Work request. Take the lines below beginning at the line that has "proof (rule locating_chromatic_number_eqI)" and stopping after the line that has "unfolding g_split[symmetric] .", and print them exactly as they are, with no other lines.

Recorded data.

text \<open>Alice's set plays the role of \<open>X ! (l - 1)\<close> and Bob's set that of \<open>Y ! l\<close>. The public coins complete
  each of them to a whole chain, the players run the certification sketch on the two completions, and
  Bob keeps only certificates of level \<open>l\<close> pointing into his set.\<close>
definition level_protocol :: "nat \<Rightarrow> nat \<Rightarrow> nat \<Rightarrow> (sketch \<times> cert_alg) pmf \<Rightarrow> (alice \<times> bob) pmf" where
  "level_protocol p c l D =
     Pi_pmf (Pow {0..<2 ^ (p - 1)}) [] (\<lambda>S. cond_pmf (zeta_sets p c) {Js. Js ! (l - 1) = S}) \<bind> (\<lambda>FX.
     Pi_pmf (Pow {0..<2 ^ (p - 1)}) [] (\<lambda>I. cond_pmf (zeta_sets p c) {Js. Js ! l = I}) \<bind> (\<lambda>FY.
     map_pmf (\<lambda>(sk, Alg). (\<lambda>x. sk (level_vec (FX {i. x i})),
                          \<lambda>m I. level_answer l I (Alg m (sk (level_vec (FY I)))))) D))"

definition level_outcome ::
  "nat \<Rightarrow> nat set list \<times> nat set list \<times> sketch \<times> cert_alg \<Rightarrow> (nat \<Rightarrow> bool) \<times> nat set \<times> nat option" where
  "level_outcome l = (\<lambda>(Xs, Ys, sk, Alg).
     (\<lambda>i. i \<in> Xs ! (l - 1), Ys ! l, level_answer l (Ys ! l) (Alg (sk (level_vec Xs)) (sk (level_vec Ys)))))"

definition rmi_experiment :: "nat \<Rightarrow> nat \<Rightarrow> nat \<Rightarrow> (alice \<times> bob) pmf \<Rightarrow> ((nat \<Rightarrow> bool) \<times> nat set \<times> nat option) pmf" where
  "rmi_experiment d n t Prot = pmf_of_set (S_vec d n) \<bind> (\<lambda>x. pmf_of_set (I_sets d t) \<bind> (\<lambda>I.
     Prot \<bind> (\<lambda>(A, B). return_pmf (x, I, B (A x) I))))"

lemma two_pow_level_le: "r * (c - 1) = p - 2 \<Longrightarrow> j \<le> c - 1 \<Longrightarrow> (2::nat) ^ (r * j) \<le> 2 ^ (p - 2)"
  by (metis mult_le_mono2 one_le_numeral power_increasing)

lemma two_pow_level_mult: "1 \<le> l \<Longrightarrow> l < c \<Longrightarrow> (2::nat) ^ r * 2 ^ (r * (c - 1 - l)) = 2 ^ (r * (c - l))"
  by (simp flip: power_add mult_Suc_right add: Suc_diff_Suc)
lemma mobius_three_points:
  fixes z1 z2 z3 w1 w2 w3 :: "'a::field"
  assumes "z1 \<noteq> z2" "z2 \<noteq> z3" "z1 \<noteq> z3" "w1 \<noteq> w2" "w2 \<noteq> w3" "w1 \<noteq> w3"
  obtains h11 h12 h21 h22 where "h11 * h22 - h12 * h21 \<noteq> 0"
    and "h11 * z1 + h12 = w1 * (h21 * z1 + h22)" and "h11 * z2 + h12 = w2 * (h21 * z2 + h22)"
    and "h11 * z3 + h12 = w3 * (h21 * z3 + h22)"
proof -
  define h11 where "h11 = (z2 - z1) * w1 * (w2 - w3) - (z2 - z3) * w3 * (w2 - w1)"
  define h12 where "h12 = z1 * (z2 - z3) * w3 * (w2 - w1) - z3 * (z2 - z1) * w1 * (w2 - w3)"
  define h21 where "h21 = (z2 - z1) * (w2 - w3) - (z2 - z3) * (w2 - w1)"
  define h22 where "h22 = z1 * (z2 - z3) * (w2 - w1) - z3 * (z2 - z1) * (w2 - w3)"
  have cross_ratio: "h11 * z + h12 - w * (h21 * z + h22) =
      (z - z1) * (z2 - z3) * (w - w3) * (w2 - w1) - (z - z3) * (z2 - z1) * (w - w1) * (w2 - w3)" for z w
    unfolding h11_def h12_def h21_def h22_def by (simp add: algebra_simps)
  have "h11 * h22 - h12 * h21 = (z1 - z2) * (z2 - z3) * (z1 - z3) * ((w1 - w2) * (w2 - w3) * (w1 - w3))"
    unfolding h11_def h12_def h21_def h22_def by (simp add: algebra_simps)
  with assms have "h11 * h22 - h12 * h21 \<noteq> 0" by simp
  moreover have "h11 * z1 + h12 = w1 * (h21 * z1 + h22)"
    using cross_ratio[of z1 w1] by simp
  moreover have "h11 * z2 + h12 = w2 * (h21 * z2 + h22)"
    using cross_ratio[of z2 w2] by (simp add: algebra_simps)
  moreover have "h11 * z3 + h12 = w3 * (h21 * z3 + h22)"
    using cross_ratio[of z3 w3] by simp
  ultimately show ?thesis by (rule that)
qed

lemma mobius_condition_all:
  fixes b c :: "nat \<Rightarrow> Z"
  assumes "(\<Sum>i=1..10. b i) = 0" and "(\<Sum>i=1..10. c i) = 0"
    and "point b (k + 2) = point b k" and "point b (k + 3) = point b (k + 1)"
    and "point c (k + 2) = point c k" and "point c (k + 3) = point c (k + 1)"
    and "h11 * point b k + h12 = point c k * (h21 * point b k + h22)"
    and "h11 * point b (k + 1) + h12 = point c (k + 1) * (h21 * point b (k + 1) + h22)"
    and "h11 * point b (k + 4) + h12 = point c (k + 4) * (h21 * point b (k + 4) + h22)"
  shows "h11 * point b m + h12 = point c m * (h21 * point b m + h22)"
proof -
  define j where "j = (m + 4*k) mod 5"
  have "(k + j) mod 5 = m mod 5"
    unfolding j_def by (simp add: mod_add_right_eq algebra_simps)
  then have pts: "point b m = point b (k + j)" "point c m = point c (k + j)"
    using point_mod_5[OF assms(1), of m] point_mod_5[OF assms(1), of "k + j"]
      point_mod_5[OF assms(2), of m] point_mod_5[OF assms(2), of "k + j"] by simp_all
  have "j < 5" by (simp add: j_def)
  then consider "j = 0" | "j = 1" | "j = 2" | "j = 3" | "j = 4" by linarith
  then show ?thesis
    using pts assms(3-9) by cases simp_all
qed
lemma coordinate_point_add:
  assumes "i < l" "\<forall>x. x \<noteq> i \<longrightarrow> j ! x = j' ! x"
  shows "(\<lambda>k. coordinate_point l j k + coordinate_point l j' k) =
         segre_point l ((unit_factors j)(i := (\<lambda>t. unit_factors j i t + unit_factors j' i t)))"
proof
  fix k
  have j': "(unit_factors j)(i := unit_factors j' i) = unit_factors j'"
    using assms(2) by (auto simp: unit_factors_def fun_eq_iff)
  have "coordinate_point l j k + coordinate_point l j' k =
        segre_point l ((unit_factors j)(i := unit_factors j i)) k +
        segre_point l ((unit_factors j)(i := unit_factors j' i)) k"
    by (simp only: coordinate_point_def fun_upd_triv j')
  also have "\<dots> = segre_point l ((unit_factors j)(i := (\<lambda>t. unit_factors j i t + unit_factors j' i t))) k"
    by (rule segre_point_add_factor[OF assms(1)])
  finally show "coordinate_point l j k + coordinate_point l j' k = \<dots>" .
qed

definition rank_le1 :: "nat \<Rightarrow> nat \<Rightarrow> (nat \<Rightarrow> nat \<Rightarrow> 'k::comm_ring_1) \<Rightarrow> bool" where
  "rank_le1 r s M \<longleftrightarrow>
     (\<forall>a b c d. a < r \<longrightarrow> b < r \<longrightarrow> c < s \<longrightarrow> d < s \<longrightarrow> M a c * M b d = M a d * M b c)"

lemma rank_le1_iff_ordered:
  "rank_le1 r s M \<longleftrightarrow>
     (\<forall>a b c d. a < b \<longrightarrow> b < r \<longrightarrow> c < d \<longrightarrow> d < s \<longrightarrow> M a c * M b d = M a d * M b c)"
  (is "_ \<longleftrightarrow> ?ordered")
proof
  assume ordered: ?ordered
  have rows_ordered: "M a c * M b d = M a d * M b c" if "a < b" "b < r" "c < s" "d < s" for a b c d
  proof -
    consider "c < d" | "c = d" | "d < c" by linarith
    then show ?thesis
    proof cases
      case 1
      then show ?thesis using ordered that by blast
    next
      case 3
      then have "M a d * M b c = M a c * M b d" using ordered that by blast
      then show ?thesis by simp
    qed simp
  qed
  show "rank_le1 r s M"
    unfolding rank_le1_def
  proof (intro allI impI)
    fix a b c d assume bounds: "a < r" "b < r" "c < s" "d < s"
    consider "a < b" | "a = b" | "b < a" by linarith
    then show "M a c * M b d = M a d * M b c"
    proof cases
      case 1
      then show ?thesis using rows_ordered bounds by blast
    next
      case 3
      then have "M b c * M a d = M b d * M a c" using rows_ordered bounds by blast
      then show ?thesis by (simp add: mult.commute)
    qed (simp add: mult.commute)
  qed
next
  assume "rank_le1 r s M"
  then show ?ordered unfolding rank_le1_def by simp
qed

lemma rank_le1_cong:
  assumes "rank_le1 r s M" "\<And>a b. a < r \<Longrightarrow> b < s \<Longrightarrow> M a b = N a b"
  shows "rank_le1 r s N"
  using assms unfolding rank_le1_def by metis

lemma rank_le1_outer:
  fixes M :: "nat \<Rightarrow> nat \<Rightarrow> 'k::field"
  assumes "rank_le1 r s M"
  obtains u \<alpha> where "\<forall>a<r. \<forall>b<s. M a b = u a * \<alpha> b"
proof (cases "\<exists>p<r. \<exists>q<s. M p q \<noteq> 0")
  case True
  then obtain p q where pq: "p < r" "q < s" "M p q \<noteq> 0" by blast
  have "M a b = M a q * (M p b / M p q)" if "a < r" "b < s" for a b
    using assms pq that unfolding rank_le1_def by (simp add: field_simps)
  then show ?thesis by (intro that[of "\<lambda>a. M a q" "\<lambda>b. M p b / M p q"]) blast
next
  case False
  then show ?thesis by (intro that[of "\<lambda>_. 0"]) auto
qed
lemma locating_chromatic_number_edge_graph:
  assumes "a \<noteq> b"
  shows "locating_chromatic_number (edge_graph a b) = 2"
proof (rule locating_chromatic_number_eqI)
  let ?K = "edge_graph a b" and ?c = "\<lambda>v. if v = a then 1 else 2 :: nat"
  have "{1..2 :: nat} = {1, 2}" by auto
  then have "?c ` fst ?K = {1..2}" using assms by (simp add: edge_graph_def insert_commute)
  then have "k_coloring ?K ?c 2"
    by (rule k_coloringI) (use assms in \<open>auto simp: edge_graph_def\<close>)
  moreover have "inj_on ?c (fst ?K)"
    using assms by (simp add: edge_graph_def)
  ultimately show "locating_coloring ?K ?c 2"
    by (rule locating_coloring_if_inj_on[OF simple_graph_edge_graph[OF assms]
          connected_graph_edge_graph[OF assms]])
  show "\<not> locating_coloring ?K c k" if "k < 2" for k c
  proof
    assume "locating_coloring ?K c k"
    then have "k_coloring ?K c k" by (simp add: locating_coloring_def)
    then have "2 \<le> k" by (rule k_coloring_edge_ge_2[of _ _ _ a b]) (simp_all add: edge_graph_def)
    with that show False by simp
  qed
qed

definition path4_graph :: "'a \<Rightarrow> 'a \<Rightarrow> 'a \<Rightarrow> 'a \<Rightarrow> 'a graph" where
  "path4_graph a b c d = ({a, b, c, d}, {(a, b), (b, a), (b, c), (c, b), (c, d), (d, c)})"
lemma
  fixes g :: "'a \<Rightarrow> real"
  assumes g: "g \<in> borel_measurable N" "integrable M0 g" "integrable M1 g"
  shows integrable_mixture: "integrable (mixture p M0 M1) g"
    and integral_mixture: "integral\<^sup>L (mixture p M0 M1) g = p * integral\<^sup>L M0 g + (1 - p) * integral\<^sup>L M1 g"
proof -
  let ?gp = "\<lambda>x. max (g x) 0" and ?gn = "\<lambda>x. max (- g x) 0"
  have g_split: "g = (\<lambda>x. ?gp x - ?gn x)"
    by (auto simp: fun_eq_iff max_def)
  have parts: "integrable (mixture p M0 M1) ?gp
      \<and> integral\<^sup>L (mixture p M0 M1) ?gp = p * integral\<^sup>L M0 ?gp + (1 - p) * integral\<^sup>L M1 ?gp"
    "integrable (mixture p M0 M1) ?gn
      \<and> integral\<^sup>L (mixture p M0 M1) ?gn = p * integral\<^sup>L M0 ?gn + (1 - p) * integral\<^sup>L M1 ?gn"
    using g by (intro integral_mixture_nonneg; auto)+
  have "integrable (mixture p M0 M1) (\<lambda>x. ?gp x - ?gn x)"
    using parts by auto
  then show int: "integrable (mixture p M0 M1) g"
    unfolding g_split[symmetric] .
  have split_integral: "integral\<^sup>L M g = integral\<^sup>L M ?gp - integral\<^sup>L M ?gn" if "integrable M g" for M
    using that by (subst g_split) (simp add: Bochner_Integration.integral_diff)
  show "integral\<^sup>L (mixture p M0 M1) g = p * integral\<^sup>L M0 g + (1 - p) * integral\<^sup>L M1 g"
    unfolding split_integral[OF int] split_integral[OF g(2)] split_integral[OF g(3)]
      parts[THEN conjunct2] by (simp add: algebra_simps)
qed

end

lemma (in prob_space) expectation_abs_squared_le:
  fixes X :: "'a \<Rightarrow> real"
  assumes "integrable M X" "integrable M (\<lambda>x. (X x)\<^sup>2)"
  shows "(expectation (\<lambda>x. \<bar>X x\<bar>))\<^sup>2 \<le> expectation (\<lambda>x. (X x)\<^sup>2)"
  using variance_positive[of "\<lambda>x. \<bar>X x\<bar>"] variance_eq[of "\<lambda>x. \<bar>X x\<bar>"] assms by simp

lemma (in prob_space) expectation_max_0_eq_half_abs:
  fixes X :: "'a \<Rightarrow> real"
  assumes "integrable M X" "expectation X = 0"
  shows "expectation (\<lambda>x. max (X x) 0) = expectation (\<lambda>x. \<bar>X x\<bar>) / 2"
proof -
  have "(\<lambda>x. max (X x) 0) = (\<lambda>x. (\<bar>X x\<bar> + X x) / 2)"
    by (auto simp: fun_eq_iff max_def)
  then show ?thesis
    using assms by simp
qed

lemma Max_attained:
  fixes f :: "'i::finite \<Rightarrow> 'a::linorder"
  shows "\<exists>i. (MAX i. f i) = f i"
proof -
  have "(MAX i. f i) \<in> range f"
    by (rule Max_in) simp_all
  then show ?thesis
    by (metis rangeE)
qed

lemma integrable_Max:
  fixes X :: "'i::finite \<Rightarrow> 'a \<Rightarrow> real"
  assumes "\<And>i. integrable M (X i)"
  shows "integrable M (\<lambda>x. MAX i. X i x)"
proof (rule Bochner_Integration.integrable_bound)
  show "integrable M (\<lambda>x. \<Sum>i\<in>UNIV. \<bar>X i x\<bar>)"
    using assms by auto
  show "(\<lambda>x. MAX i. X i x) \<in> borel_measurable M"
    using assms by (intro borel_measurable_Max) auto
  have "\<bar>MAX i. X i x\<bar> \<le> (\<Sum>i\<in>UNIV. \<bar>X i x\<bar>)" for x
  proof -
    obtain i where "(MAX i. X i x) = X i x"
      using Max_attained by blast
    then show ?thesis
      using member_le_sum[of i UNIV "\<lambda>i. \<bar>X i x\<bar>"] by simp
  qed
  then show "AE x in M. norm (MAX i. X i x) \<le> norm (\<Sum>i\<in>UNIV. \<bar>X i x\<bar>)"
    by (simp add: sum_nonneg)
qed

lemma Max_le_Max_plus_sum_max_0:
  fixes f g :: "'i::finite \<Rightarrow> real"
  shows "(MAX i. f i) \<le> (MAX i. g i) + (\<Sum>i\<in>UNIV. max (f i - g i) 0)"
proof -
  obtain i where i: "(MAX i. f i) = f i"
    using Max_attained by blast
  have "g i \<le> (MAX i. g i)"
    by simp
  moreover have "max (f i - g i) 0 \<le> (\<Sum>i\<in>UNIV. max (f i - g i) 0)"
    by (rule member_le_sum) auto
  ultimately show ?thesis
    unfolding i by linarith
qed

lemma admissible_law_iff:
  "admissible_law mu v M \<longleftrightarrow>
     prob_space M \<and> sets M = sets borel \<and>
     (\<forall>j. integrable M (\<lambda>x. x $ j)) \<and>
     (\<forall>j. integrable M (\<lambda>x. (x $ j)\<^sup>2)) \<and>
     (\<forall>j. (\<integral>x. x $ j \<partial>M) = mu $ j) \<and>
     (\<forall>j. (\<integral>x. (x $ j)\<^sup>2 \<partial>M) = (v $ j)\<^sup>2 + (mu $ j)\<^sup>2)"
proof -
  have "(\<integral>x. (x $ j - (\<integral>y. y $ j \<partial>M))\<^sup>2 \<partial>M) = (\<integral>x. (x $ j)\<^sup>2 \<partial>M) - (\<integral>x. x $ j \<partial>M)\<^sup>2"
    if "prob_space M" "integrable M (\<lambda>x. x $ j)" "integrable M (\<lambda>x. (x $ j)\<^sup>2)" for j
    using that by (rule prob_space.variance_eq)
  then show ?thesis
    unfolding admissible_law_def by (auto simp: diff_eq_eq)
qed
lemma gf2_subspace_reduce_head:
  assumes "gf2_subspace (Suc n) V" and y: "a # y \<in> tuples {0,1} (Suc n)" "a # y \<notin> V"
    and "a = 0 \<or> (\<exists>w. 1 # w \<in> V)"
  obtains z where "0 # z \<notin> V" "z \<in> tuples {0,1} n" "vadd (a # y) (0 # z) \<in> V"
proof (cases "a = 0")
  case True
  have "replicate (Suc n) 0 \<in> V"
    using assms(1) by (simp add: gf2_subspace_def)
  then show ?thesis
    using that[of y] True y by (simp add: vadd_self length_tuples)
next
  case False
  with assms(4) obtain w where w: "1 # w \<in> V" by blast
  have V: "V \<subseteq> tuples {0,1} (Suc n)"
    and closed: "\<And>u v. u \<in> V \<Longrightarrow> v \<in> V \<Longrightarrow> vadd u v \<in> V"
    using assms(1) by (auto simp: gf2_subspace_def)
  have "w \<in> tuples {0,1} n" "y \<in> tuples {0,1} n" "a = 1"
    using w V y(1) False by auto
  then have "vadd (vadd y w) w = y" "vadd y (vadd y w) = w"
    using vadd_vadd_cancel[of w n y] vadd_vadd_cancel[of y n w]
    by (simp_all add: length_tuples vadd_commute vadd_assoc)
  then have "vadd (0 # vadd y w) (1 # w) = a # y" "vadd (a # y) (0 # vadd y w) = 1 # w"
    using \<open>a = 1\<close> by simp_all
  then have "0 # vadd y w \<notin> V" "vadd (a # y) (0 # vadd y w) \<in> V"
    using closed[OF _ w, of "0 # vadd y w"] y(2) w by metis+
  then show ?thesis
    using that vadd_tuples[OF \<open>y \<in> _\<close> \<open>w \<in> _\<close>] by blast
qed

Exercise output.
proof (rule locating_chromatic_number_eqI)
  let ?K = "edge_graph a b" and ?c = "\<lambda>v. if v = a then 1 else 2 :: nat"
  have "{1..2 :: nat} = {1, 2}" by auto
  then have "?c ` fst ?K = {1..2}" using assms by (simp add: edge_graph_def insert_commute)
  then have "k_coloring ?K ?c 2"
    by (rule k_coloringI) (use assms in \<open>auto simp: edge_graph_def\<close>)
  moreover have "inj_on ?c (fst ?K)"
    using assms by (simp add: edge_graph_def)
  ultimately show "locating_coloring ?K ?c 2"
    by (rule locating_coloring_if_inj_on[OF simple_graph_edge_graph[OF assms]
          connected_graph_edge_graph[OF assms]])
  show "\<not> locating_coloring ?K c k" if "k < 2" for k c
  proof
    assume "locating_coloring ?K c k"
    then have "k_coloring ?K c k" by (simp add: locating_coloring_def)
    then have "2 \<le> k" by (rule k_coloring_edge_ge_2[of _ _ _ a b]) (simp_all add: edge_graph_def)
    with that show False by simp
  qed
qed

definition path4_graph :: "'a \<Rightarrow> 'a \<Rightarrow> 'a \<Rightarrow> 'a \<Rightarrow> 'a graph" where
  "path4_graph a b c d = ({a, b, c, d}, {(a, b), (b, a), (b, c), (c, b), (c, d), (d, c)})"
lemma
  fixes g :: "'a \<Rightarrow> real"
  assumes g: "g \<in> borel_measurable N" "integrable M0 g" "integrable M1 g"
  shows integrable_mixture: "integrable (mixture p M0 M1) g"
    and integral_mixture: "integral\<^sup>L (mixture p M0 M1) g = p * integral\<^sup>L M0 g + (1 - p) * integral\<^sup>L M1 g"
proof -
  let ?gp = "\<lambda>x. max (g x) 0" and ?gn = "\<lambda>x. max (- g x) 0"
  have g_split: "g = (\<lambda>x. ?gp x - ?gn x)"
    by (auto simp: fun_eq_iff max_def)
  have parts: "integrable (mixture p M0 M1) ?gp
      \<and> integral\<^sup>L (mixture p M0 M1) ?gp = p * integral\<^sup>L M0 ?gp + (1 - p) * integral\<^sup>L M1 ?gp"
    "integrable (mixture p M0 M1) ?gn
      \<and> integral\<^sup>L (mixture p M0 M1) ?gn = p * integral\<^sup>L M0 ?gn + (1 - p) * integral\<^sup>L M1 ?gn"
    using g by (intro integral_mixture_nonneg; auto)+
  have "integrable (mixture p M0 M1) (\<lambda>x. ?gp x - ?gn x)"
    using parts by auto
  then show int: "integrable (mixture p M0 M1) g"
    unfolding g_split[symmetric] .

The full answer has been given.